Soierie Bordures brocart et or, pour sièges destinés à la Salle du Trône de Versailles

Numéro d’inventaire
GMMP 214/003
Auteurs
Grand Frères, Camille Pernon
Année de conception
1806
Style
Empire
Types
Tissu précieux, Textile
Époque
Premier Empire (1804-1815)
Matières
Fils d’or et d’argent, Textile, Soie
Dimensions (h × l × L)
1,964 x 0 x 0,067 m
Acquisition
Achat
Ancien numéro d’inventaire
Pas de sous-numérotation jusqu’en 2020 : identifié sous le générique GMMP 214.
Description
Bordure de siège, section rectangulaire, composée de 3 pièces de tissu cousues entre elles. Deux des pièces présentent une lisière.
Brocart or, fond satin cramoisi fin broché 3 ors.
Frise composée d'un tore entrecoupé de fleurs rondes stylisées, encadrée par deux bandes or.

Historique :
Etoffe créée pour la salle du Trône du Palais de Versailles. La fabrication de ce brocart avait été prévue dans le budget de 1806 pour le Palais de Versailles, que l’Empereur songeait dès cette époque à réinstaller, en même temps que cinq autres meubles sans affectation précise. L'Empereur ayant momentanément renoncé à Versailles, les étoffes demeurèrent dans les magasins du Mobilier Impérial. À la Restauration, pour son utilisation, il est nécessaire de modifier les emblèmes impériaux. En 1821, le brocart est utilisé par le tapissier Laflèche dans l’appartement de la duchesse de Berry aux Tuileries (pavillon Marsan). En 1825, une autre partie de ce tissu est utilisée pour le sacre de Charles X. Un ensemble de bordures sert également au décor de la Salle du trône de Napoléon III aux Tuileries.
A propos de des auteurs
Grand Frères (1807-1871)
Reprenant la manufacture lyonnaise de Camille Pernon en 1807 à la suite d'un scandale, les frères Grand (Jean-Baptiste, dit Jean-Etienne, et Jean-Zacharie) renomment la manufacture Grand Frères en 1808. Ils reçurent en 1808 des commandes officielles pour le palais de Versailles et notamment la salle du Trône. Mais aussi d'autres commandes prestigieuses pour Saint-Cloud, Meudon, Fontainebleau ou les Tuileries. Ils poursuivent leur travail pour le Mobilier impérial jusqu'à la fin de l'Empire.
Dès 1830, ils produisent des nouveaux produits en lien avec la révolution industrielle. Ils livrent la cour de Napoléon III, puis cède la manufacture en 1870 aux familles Tassinari et Chatel.
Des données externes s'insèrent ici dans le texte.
lemma localization_subset_frac_field:
  assumes "mult_subset R W" shows "localization R W \<subseteq> frac_field R"
  using assms unfolding localization_def frac_field_def mult_subset_def by blast

lemma frac_field_subset_frac_field:
  assumes R: "subring R" and R': "R' \<subseteq> frac_field R"
  shows "frac_field R' \<subseteq> frac_field R"
proof
  fix s assume "s \<in> frac_field R'"
  then obtain x y where xy: "s = x / y" "x \<in> R'" "y \<in> R'" "y \<noteq> 0"
    unfolding frac_field_def by blast
  obtain a b c d where abcd: "x = a / b" "y = c / d" "a \<in> R" "b \<in> R" "c \<in> R" "d \<in> R"
    "b \<noteq> 0" "d \<noteq> 0"
    using xy(2,3) R' unfolding frac_field_def by blast
  have "c \<noteq> 0" using xy(4) abcd by auto
  then have "s = (a * d) / (b * c)" "b * c \<noteq> 0" using xy abcd by (simp_all add: field_simps)
  moreover have "a * d \<in> R" "b * c \<in> R" using R abcd unfolding subring_def by auto
  ultimately show "s \<in> frac_field R" unfolding frac_field_def by blast
qed

lemma overring_of_overring_localization:
  assumes "subring R" "mult_subset R W" "overring (localization R W) S"
  shows "overring R S"
proof -
  have "localization R W \<subseteq> frac_field R" using localization_subset_frac_field[OF assms(2)] .
  then have "frac_field (localization R W) \<subseteq> frac_field R"
    using frac_field_subset_frac_field[OF assms(1)] by blast
  moreover have "R \<subseteq> localization R W" using subset_localization_mult_subset[OF assms(2)] .
  ultimately show ?thesis using assms(3) unfolding overring_def by blast
qed

lemma localization_localization:
  assumes W: "mult_subset R W" and "R \<subseteq> R'" "R' \<subseteq> localization R W"
  shows "localization R' W = localization R W"
proof
  show "localization R W \<subseteq> localization R' W"
    using \<open>R \<subseteq> R'\<close> unfolding localization_def by blast
  show "localization R' W \<subseteq> localization R W"
  proof
    fix x assume "x \<in> localization R' W"
    then obtain a v w where h: "x = (a / v) / w" "a \<in> R" "v \<in> W" "w \<in> W"
      using \<open>R' \<subseteq> localization R W\<close> unfolding localization_def by blast
    then have "x = a / (v * w)" by simp
    moreover have "v * w \<in> W" using W h unfolding mult_subset_def by blast
    ultimately show "x \<in> localization R W" using h unfolding localization_def by blast
  qed
qed

lemma one_notin_prime_ideal:
  assumes "subring S" "prime_ideal_of S Q" shows "(1::'a::field) \<notin> Q"
proof
  assume "1 \<in> Q"
  then have "S \<subseteq> Q" using assms unfolding prime_ideal_of_def by (metis mult.right_neutral subsetI)
  then show False using assms unfolding prime_ideal_of_def by auto
qed

lemma prime_ideal_of_contraction:
  assumes "subring S" "prime_ideal_of S Q" "subring A" "A \<subseteq> S"
  shows "prime_ideal_of A (Q \<inter> A)"
proof -
  have "1 \<notin> Q" using one_notin_prime_ideal assms by blast
  moreover have "1 \<in> A" using assms(3) unfolding subring_def by blast
  ultimately have "Q \<inter> A \<noteq> A" by blast
  moreover have "0 \<in> A" using assms(3) unfolding subring_def by blast
  ultimately show ?thesis using assms unfolding prime_ideal_of_def subring_def
    by (simp add: subset_iff)
qed

lemma mult_mem_localization_ideal:
  assumes W: "mult_subset R W" and p: "\<forall>r\<in>R. \<forall>a\<in>p. r * a \<in> p"
    and "x \<in> localization R W" "y \<in> localization p W"
  shows "x * y \<in> localization p W"
proof -
  obtain b v a w where h: "x = b / v" "b \<in> R" "v \<in> W" "y = a / w" "a \<in> p" "w \<in> W"
    using assms(3,4) unfolding localization_def by blast
  then have "x * y = (b * a) / (v * w)" by simp
  moreover have "b * a \<in> p" using p h by blast
  moreover have "v * w \<in> W" using W h unfolding mult_subset_def by blast
  ultimately show ?thesis by (simp add: localizationI)
qed
text \<open>Induction on the level t = log (r - l) of the dyadic interval. Write the approximations of
  the two halves as exact matrix plus error, A + E_i and B + F_j. The alternating sum of the
  recursion telescopes to AB + A F_k + E_k B plus the cross terms E_i F_j, summed over i + j = k
  minus summed over i + j = k - 1.
  Since D is additive along products, D(AB, y) = D(B, y) + D(A, By), the two first-order terms
  cost only the error of the level below. A cross term costs eps_i eps_j, because the SV bound
  applied to the vector E_i^T x controls the norm of that very vector. As the convolution of
  1/(i+1)^2 with itself is O(1/(k+1)^2), the cross terms add at most a 1/log n fraction of eps_k,
  so each level multiplies the constant by 1 + 1/log n; over at most log n levels it stays below
  e/3, which is what keeps the cross terms that small.\<close>

section \<open>Doubly stochastic matrices\<close>

definition doubly_stochastic :: "real^'n::finite^'n \<Rightarrow> bool" where
  "doubly_stochastic A \<longleftrightarrow> (\<forall>i j. 0 \<le> A$i$j) \<and> (\<forall>i. (\<Sum>j\<in>UNIV. A$i$j) = 1) \<and> (\<forall>j. (\<Sum>i\<in>UNIV. A$i$j) = 1)"

lemma doubly_stochastic_mat_1: "doubly_stochastic (mat 1 :: real^'n::finite^'n)"
  unfolding doubly_stochastic_def by (auto simp: mat_def if_distrib sum.delta cong: if_cong)

lemma doubly_stochastic_transpose: "doubly_stochastic A \<Longrightarrow> doubly_stochastic (transpose A)"
  unfolding doubly_stochastic_def transpose_def by auto

lemma doubly_stochastic_matrix_mul:
  fixes A B :: "real^'n::finite^'n"
  assumes A: "doubly_stochastic A" and B: "doubly_stochastic B"
  shows "doubly_stochastic (A ** B)"
proof -
  have "(\<Sum>k\<in>UNIV. (A ** B)$i$k) = (\<Sum>j\<in>UNIV. A$i$j * (\<Sum>k\<in>UNIV. B$j$k))" for i
    unfolding matrix_matrix_mult_def by (simp add: sum_distrib_left) (rule sum.swap)
  moreover have "(\<Sum>i\<in>UNIV. (A ** B)$i$k) = (\<Sum>j\<in>UNIV. (\<Sum>i\<in>UNIV. A$i$j) * B$j$k)" for k
    unfolding matrix_matrix_mult_def by (simp add: sum_distrib_right) (rule sum.swap)
  moreover have "0 \<le> (A ** B)$i$k" for i k
    using A B unfolding doubly_stochastic_def matrix_matrix_mult_def by (auto intro!: sum_nonneg)
  ultimately show ?thesis
    using A B unfolding doubly_stochastic_def by simp
qed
Camille Pernon (03 novembre 1753 - 03 décembre 1808)
En 1771, Camille Pernon fait ses débuts dans l'entreprise familiale fondée en 1680 par son arrière-grand-père. Grand fabriquant négociant de soieries, il est aussi reconnu comme ambassadeur de la Grande Fabrique auprès des pays européens. Il réalise des décors pour Marie-Antoinette et Louis XVI, mais aussi pour des puissantes cours en Europe. Il a collaboré avec François Grognard, Philippe La Salle, ou Joseph-Marie Jacquard qui fait ses premiers essais sur les métiers de la manufactures de Pernon.
A la fin du XVIIIe et au début du XIXe, Camille Pernon travaille avec des grands noms de la décoration, comme Jean-Démosthène Dugourc, Alexandre-Théodore Brongniart, Nanteuil, ou la maison Bouvard. Pernon devient le principal fournisseur des soieries du Consulat et du début de l'Empire, Napoléon le considère comme le "meilleur à Lyon". Il réalise notamment des ensembles pour Saint-Cloud.
Dès 1806, Pernon reçoit une grande commande de décors pour le futur palais de Versailles. Cependant, accusé de fabrication non-conforme, ce scandale l'oblige à se retirer en 1807. Il cède sa manufacture aux frères Grand.
Bibliographie
Coural (Jean), Gastinel-Coural (Chantal), Paris, Mobilier national. Soieries Empire, 1980, notice n°3, p.49-58.